Само собой разумеется, нами были выкуплены все места в вагоне, в котором мы путешествуем, равно как и в тех вагонах, какие находятся непосредственно перед нашим и после нашего.
Муане, который меня сопровождает, — художник Муане, чьи очаровательные декорации вы столько раз видели в Опера-Комик, — едет в переднем вагоне вместе с доктором, профессором, ясновидцем и маэстро.

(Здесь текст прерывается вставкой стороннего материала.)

(* Assume the setting in the context. (a) Assume Conditions (MM), (GG), (JS-cts) and (JD-jump). Suppose that for every $f\in\mathcal{D}_{\mathcal{X}}$ there exist $u_+\in\mathcal{X}^{\mathcal{U}}$ and $u_-\in\mathcal{X}^{\mathcal{V}}$ with $(\widehat Lu_+)|_{\mathcal{U}}=(\widehat Lu_-)|_{\mathcal{V}}=0$ and $\widetilde{\operatorname{Tr}}^{\mathcal{U}}_{\mathcal{X}}u_+=\widetilde{\operatorname{Tr}}^{\mathcal{V}}_{\mathcal{X}}u_-=f$. Then $\widetilde{\operatorname{Tr}}^{\mathcal{U}}_{\mathcal{X}}\widehat{\mathbf{S}}^L_{\mathcal{U}}:\mathcal{N}_{\mathcal{X}}\to\mathcal{D}_{\mathcal{X}}$ is onto. If moreover there is $C_0<\infty$ such that for every $f\in\mathcal{D}_{\mathcal{X}}$ such a pair can be chosen with $\|u_+\|_{\mathcal{X}^{\mathcal{U}}}\le C_0\|f\|_{\mathcal{D}_{\mathcal{X}}}$ and $\|u_-\|_{\mathcal{X}^{\mathcal{V}}}\le C_0\|f\|_{\mathcal{D}_{\mathcal{X}}}$, then there is $C_1$ such that every $f\in\mathcal{D}_{\mathcal{X}}$ equals $\widetilde{\operatorname{Tr}}^{\mathcal{U}}_{\mathcal{X}}\widehat{\mathbf{S}}^L_{\mathcal{U}}g$ for some $g\in\mathcal{N}_{\mathcal{X}}$ with $\|g\|_{\mathcal{N}_{\mathcal{X}}}\le C_1\|f\|_{\mathcal{D}_{\mathcal{X}}}$. (b) Assume Conditions (TT), (GG), (JD-cts) and (JS-jump). Suppose that for every $g\in\mathcal{N}_{\mathcal{X}}$ there exist $u_+\in\mathcal{X}^{\mathcal{U}}$ and $u_-\in\mathcal{X}^{\mathcal{V}}$ with $(\widehat Lu_+)|_{\mathcal{U}}=(\widehat Lu_-)|_{\mathcal{V}}=0$ and $\widehat{\mathbf{M}}^{\mathcal{U}}_Bu_+=\widehat{\mathbf{M}}^{\mathcal{V}}_Bu_-=g$. Then $\widehat{\mathbf{M}}^{\mathcal{U}}_B\widehat{\mathbf{D}}^B_{\mathcal{U}}:\mathcal{D}_{\mathcal{X}}\to\mathcal{N}_{\mathcal{X}}$ is onto. If moreover there is $C_0<\infty$ such that for every $g\in\mathcal{N}_{\mathcal{X}}$ such a pair can be chosen with $\|u_+\|_{\mathcal{X}^{\mathcal{U}}}\le C_0\|g\|_{\mathcal{N}_{\mathcal{X}}}$ and $\|u_-\|_{\mathcal{X}^{\mathcal{V}}}\le C_0\|g\|_{\mathcal{N}_{\mathcal{X}}}$, then there is $C_1$ such that every $g\in\mathcal{N}_{\mathcal{X}}$ equals $\widehat{\mathbf{M}}^{\mathcal{U}}_B\widehat{\mathbf{D}}^B_{\mathcal{U}}f$ for some $f\in\mathcal{D}_{\mathcal{X}}$ with $\|f\|_{\mathcal{D}_{\mathcal{X}}}\le C_1\|g\|_{\mathcal{N}_{\mathcal{X}}}$.
   Context: Let $\mathcal{X}^{\mathcal{U}}$, $\mathcal{X}^{\mathcal{V}}$, $\mathcal{D}_{\mathcal{X}}$, $\mathcal{N}_{\mathcal{X}}$ be quasi-Banach spaces. For $\mathcal{O}\in\{\mathcal{U},\mathcal{V}\}$: let $u\mapsto(\widehat Lu)|_{\mathcal{O}}$ be a linear operator on $\mathcal{X}^{\mathcal{O}}$, let $\mathcal{K}^{\mathcal{O}}=\{u\in\mathcal{X}^{\mathcal{O}}:(\widehat Lu)|_{\mathcal{O}}=0\}$, and let $\widetilde{\operatorname{Tr}}^{\mathcal{O}}_{\mathcal{X}}:\mathcal{K}^{\mathcal{O}}\to\mathcal{D}_{\mathcal{X}}$, $\widehat{\mathbf{M}}^{\mathcal{O}}_B:\mathcal{K}^{\mathcal{O}}\to\mathcal{N}_{\mathcal{X}}$, $\widehat{\mathbf{D}}^B_{\mathcal{O}}:\mathcal{D}_{\mathcal{X}}\to\mathcal{X}^{\mathcal{O}}$, $\widehat{\mathbf{S}}^L_{\mathcal{O}}:\mathcal{N}_{\mathcal{X}}\to\mathcal{X}^{\mathcal{O}}$ be linear operators. For $\mathcal{O}\in\{\mathcal U,\mathcal V\}$ consider: (T)$_{\mathcal{O}}$ $\widetilde{\operatorname{Tr}}^{\mathcal{O}}_{\mathcal{X}}$ is bounded $\mathcal{K}^{\mathcal{O}}\to\mathcal{D}_{\mathcal{X}}$; (M)$_{\mathcal{O}}$ $\widehat{\mathbf{M}}^{\mathcal{O}}_B$ is bounded $\mathcal{K}^{\mathcal{O}}\to\mathcal{N}_{\mathcal{X}}$; (G)$_{\mathcal{O}}$ every $u\in\mathcal{K}^{\mathcal{O}}$ satisfies $u=-\widehat{\mathbf{D}}^B_{\mathcal{O}}(\widetilde{\operatorname{Tr}}^{\mathcal{O}}_{\mathcal{X}}u)+\widehat{\mathbf{S}}^L_{\mathcal{O}}(\widehat{\mathbf{M}}^{\mathcal{O}}_Bu)$. Condition (TT) means (T)$_{\mathcal U}$ and (T)$_{\mathcal V}$ both hold; likewise (MM), (GG). Further conditions (each including that the potentials involved lie in the respective $\mathcal K^{\mathcal O}$, so the expressions are defined): (JS-cts) $\widetilde{\operatorname{Tr}}^{\mathcal{U}}_{\mathcal{X}}(\widehat{\mathbf{S}}^L_{\mathcal{U}}g)-\widetilde{\operatorname{Tr}}^{\mathcal{V}}_{\mathcal{X}}(\widehat{\mathbf{S}}^L_{\mathcal{V}}g)=0$ for all $g\in\mathcal{N}_{\mathcal{X}}$; (JD-cts) $\widehat{\mathbf{M}}^{\mathcal{U}}_B(\widehat{\mathbf{D}}^B_{\mathcal{U}}f)-\widehat{\mathbf{M}}^{\mathcal{V}}_B(\widehat{\mathbf{D}}^B_{\mathcal{V}}f)=0$ for all $f\in\mathcal{D}_{\mathcal{X}}$; (JS-jump) $\widehat{\mathbf{M}}^{\mathcal{U}}_B(\widehat{\mathbf{S}}^L_{\mathcal{U}}g)+\widehat{\mathbf{M}}^{\mathcal{V}}_B(\widehat{\mathbf{S}}^L_{\mathcal{V}}g)=g$ for all $g\in\mathcal{N}_{\mathcal{X}}$; (JD-jump) $\widetilde{\operatorname{Tr}}^{\mathcal{U}}_{\mathcal{X}}(\widehat{\mathbf{D}}^B_{\mathcal{U}}f)+\widetilde{\operatorname{Tr}}^{\mathcal{V}}_{\mathcal{X}}(\widehat{\mathbf{D}}^B_{\mathcal{V}}f)=-f$ for all $f\in\mathcal{D}_{\mathcal{X}}$. *)

theory Defs
  imports Complex_Main
begin

definition quasi_norm :: "('a::real_vector \<Rightarrow> real) \<Rightarrow> bool" where
  "quasi_norm N \<longleftrightarrow>
     (\<forall>x. 0 \<le> N x) \<and> (\<forall>x. N x = 0 \<longleftrightarrow> x = 0) \<and>
     (\<forall>c x. N (c *\<^sub>R x) = \<bar>c\<bar> * N x) \<and>
     (\<exists>K\<ge>1. \<forall>x y. N (x + y) \<le> K * (N x + N y))"

definition quasi_banach :: "('a::real_vector \<Rightarrow> real) \<Rightarrow> bool" where
  "quasi_banach N \<longleftrightarrow> quasi_norm N \<and>
     (\<forall>s::nat \<Rightarrow> 'a. (\<forall>e>0. \<exists>M. \<forall>m\<ge>M. \<forall>n\<ge>M. N (s m - s n) < e)
         \<longrightarrow> (\<exists>l. (\<lambda>n. N (s n - l)) \<longlonglongrightarrow> 0))"

definition lin_on_set :: "'a::real_vector set \<Rightarrow> ('a \<Rightarrow> 'b::real_vector) \<Rightarrow> bool" where
  "lin_on_set K f \<longleftrightarrow> (\<forall>x\<in>K. \<forall>y\<in>K. f (x + y) = f x + f y) \<and>
                       (\<forall>c. \<forall>x\<in>K. f (c *\<^sub>R x) = c *\<^sub>R f x)"

definition bounded_on_set ::
  "('a \<Rightarrow> real) \<Rightarrow> ('b \<Rightarrow> real) \<Rightarrow> 'a set \<Rightarrow> ('a \<Rightarrow> 'b) \<Rightarrow> bool" where
  "bounded_on_set Na Nb K T \<longleftrightarrow> (\<exists>C. \<forall>x\<in>K. Nb (T x) \<le> C * Na x)"

end

theory Submission
  imports Defs
begin

text \<open>Given solutions \<open>u\<^sub>+\<close>, \<open>u\<^sub>-\<close>
on the two sides with the same boundary datum \<open>f\<close>, apply the Green formula to each and take
the boundary data: the single layer jump relation turns the two single layer terms into one
single layer \<open>S(g)\<close> with \<open>g = M u\<^sub>+ + M u\<^sub>-\<close>, and the double layer jump relation collapses
the two double layer terms to \<open>-f\<close>, leaving \<open>f = Tr S(g)\<close>. The bound on \<open>g\<close> comes from the
boundedness of the complementary data map and the quasi-triangle inequality. Part (b) is
part (a) with the roles of Dirichlet and Neumann data exchanged.\<close>

lemma lin_on_set_add: "lin_on_set K T \<Longrightarrow> x \<in> K \<Longrightarrow> y \<in> K \<Longrightarrow> T (x + y) = T x + T y"
  unfolding lin_on_set_def by blast

lemma lin_on_set_minus: "lin_on_set K T \<Longrightarrow> x \<in> K \<Longrightarrow> T (- x) = - T x"
  unfolding lin_on_set_def by (metis scaleR_minus1_left)

lemma quasi_banach_quasi_norm: "quasi_banach N \<Longrightarrow> quasi_norm N"
  unfolding quasi_banach_def by blast

lemma quasi_norm_nonneg: "quasi_norm N \<Longrightarrow> 0 \<le> N x"
  unfolding quasi_norm_def by blast

lemma quasi_norm_minus: "quasi_norm N \<Longrightarrow> N (- x) = N x"
  unfolding quasi_norm_def by (metis abs_minus_cancel abs_one mult_1 scaleR_minus1_left)

lemma quasi_norm_triangle: "quasi_norm N \<Longrightarrow> \<exists>K\<ge>1. \<forall>x y. N (x + y) \<le> K * (N x + N y)"
  unfolding quasi_norm_def by blast

lemma bounded_on_set_nonneg_const:
  assumes "bounded_on_set Na Nb K T" and "\<And>x. 0 \<le> Na x"
  shows "\<exists>C\<ge>0. \<forall>x\<in>K. Nb (T x) \<le> C * Na x"
proof -
  obtain C where C: "\<forall>x\<in>K. Nb (T x) \<le> C * Na x"
    using assms(1) unfolding bounded_on_set_def by blast
  have "C * Na x \<le> max C 0 * Na x" for x
    using assms(2) by (intro mult_right_mono) auto
  with C have "\<forall>x\<in>K. Nb (T x) \<le> max C 0 * Na x"
    using order_trans by blast
  then show ?thesis
    by (intro exI[of _ "max C 0"]) simp
qed

lemma bounded_on_set_minus:
  "quasi_norm Nb \<Longrightarrow> bounded_on_set Na Nb K T \<Longrightarrow> bounded_on_set Na Nb K (\<lambda>x. - T x)"
  unfolding bounded_on_set_def by (simp add: quasi_norm_minus)

lemma bounded_on_set_add:
  assumes "quasi_norm N"
    and "bounded_on_set Nx N KX T" "\<And>x. 0 \<le> Nx x"
    and "bounded_on_set Ny N KY S" "\<And>y. 0 \<le> Ny y"
  shows "\<exists>C\<ge>0. \<forall>x\<in>KX. \<forall>y\<in>KY. N (T x + S y) \<le> C * (Nx x + Ny y)"
proof -
  obtain K where K: "K \<ge> 1" "\<And>a b. N (a + b) \<le> K * (N a + N b)"
    using quasi_norm_triangle[OF assms(1)] by blast
  obtain cT where cT: "cT \<ge> 0" "\<forall>x\<in>KX. N (T x) \<le> cT * Nx x"
    using bounded_on_set_nonneg_const[OF assms(2,3)] by blast
  obtain cS where cS: "cS \<ge> 0" "\<forall>y\<in>KY. N (S y) \<le> cS * Ny y"
    using bounded_on_set_nonneg_const[OF assms(4,5)] by blast
  have "N (T x + S y) \<le> (K * max cT cS) * (Nx x + Ny y)" if "x \<in> KX" "y \<in> KY" for x y
  proof -
    have "N (T x + S y) \<le> K * (N (T x) + N (S y))"
      by (rule K(2))
    also have "\<dots> \<le> K * (cT * Nx x + cS * Ny y)"
      using K(1) cT(2) cS(2) that by (intro mult_left_mono add_mono) auto
    also have "\<dots> \<le> K * (max cT cS * Nx x + max cT cS * Ny y)"
      using K(1) assms(3,5) by (intro mult_left_mono add_mono mult_right_mono) auto
    finally show ?thesis
      by (simp add: algebra_simps)
  qed
  moreover have "K * max cT cS \<ge> 0"
    using K(1) cT(1) by simp
  ultimately show ?thesis
    by blast
qed

text \<open>\<open>KU\<close>, \<open>KV\<close> are the solution spaces on the two sides of the interface, \<open>A\<close> and \<open>B\<close>
the two kinds of boundary data and \<open>P\<close>, \<open>Q\<close> the potentials of the Green formula. Part (a) of
the theorem is the instance \<open>A = Tr\<close>, \<open>B = M\<close>, \<open>P = D\<close>, \<open>Q = S\<close>; part (b) is the instance
\<open>A = M\<close>, \<open>B = -Tr\<close>, \<open>P = -S\<close>, \<open>Q = D\<close>, where the signs of the Green formula are moved
into the data and the potentials.\<close>

locale transmission_potentials =
  fixes KU :: "'xu::real_vector set" and KV :: "'xv::real_vector set"
    and AU :: "'xu \<Rightarrow> 'a::real_vector" and AV :: "'xv \<Rightarrow> 'a"
    and BU :: "'xu \<Rightarrow> 'b::real_vector" and BV :: "'xv \<Rightarrow> 'b"
    and PU :: "'a \<Rightarrow> 'xu" and PV :: "'a \<Rightarrow> 'xv"
    and QU :: "'b \<Rightarrow> 'xu" and QV :: "'b \<Rightarrow> 'xv"
  assumes subspace_KU: "subspace KU" and subspace_KV: "subspace KV"
    and lin_AU: "lin_on_set KU AU" and lin_AV: "lin_on_set KV AV"
    and linear_QU: "linear QU"
    and PU_in: "PU f \<in> KU" and PV_in: "PV f \<in> KV"
    and QU_in: "QU g \<in> KU" and QV_in: "QV g \<in> KV"
    and green_U: "u \<in> KU \<Longrightarrow> u = - PU (AU u) + QU (BU u)"
    and green_V: "v \<in> KV \<Longrightarrow> v = - PV (AV v) + QV (BV v)"
    and jump_Q: "AU (QU g) = AV (QV g)"
    and jump_P: "AU (PU f) + AV (PV f) = - f"
begin

lemma green_U_data:
  assumes "u \<in> KU"
  shows "AU u = - AU (PU (AU u)) + AU (QU (BU u))"
proof -
  have "AU u = AU (- PU (AU u) + QU (BU u))"
    using green_U[OF assms] by (rule arg_cong)
  also have "\<dots> = - AU (PU (AU u)) + AU (QU (BU u))"
    by (simp only: lin_on_set_add[OF lin_AU subspace_neg[OF subspace_KU PU_in] QU_in]
        lin_on_set_minus[OF lin_AU PU_in])
  finally show ?thesis .
qed

lemma green_V_data:
  assumes "v \<in> KV"
  shows "AV v = - AV (PV (AV v)) + AV (QV (BV v))"
proof -
  have "AV v = AV (- PV (AV v) + QV (BV v))"
    using green_V[OF assms] by (rule arg_cong)
  also have "\<dots> = - AV (PV (AV v)) + AV (QV (BV v))"
    by (simp only: lin_on_set_add[OF lin_AV subspace_neg[OF subspace_KV PV_in] QV_in]
        lin_on_set_minus[OF lin_AV PV_in])
  finally show ?thesis .
qed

Мадемуазель Элен, Саша, мадемуазель Аннетта, Аннушка и Луиза путешествуют в заднем вагоне.
Шарик, Синьорина и Черепаха находятся там же.
Максима выслали вперед, чтобы он позаботился о достойном завтраке для нас в Кёльне.
Семен и оба писца обретаются в каком-то неизвестном мне месте.
Жара стоит удушающая.
Но Дандре, человек невероятной предусмотрительности, приготовил три корзины: одну с шампанским и ледяной водой, другую с жареными курами, яйцами вкрутую, сосисками и бордо и, наконец, третью со всевозможными фруктами, виноградом, персиками, абрикосами и миндалем.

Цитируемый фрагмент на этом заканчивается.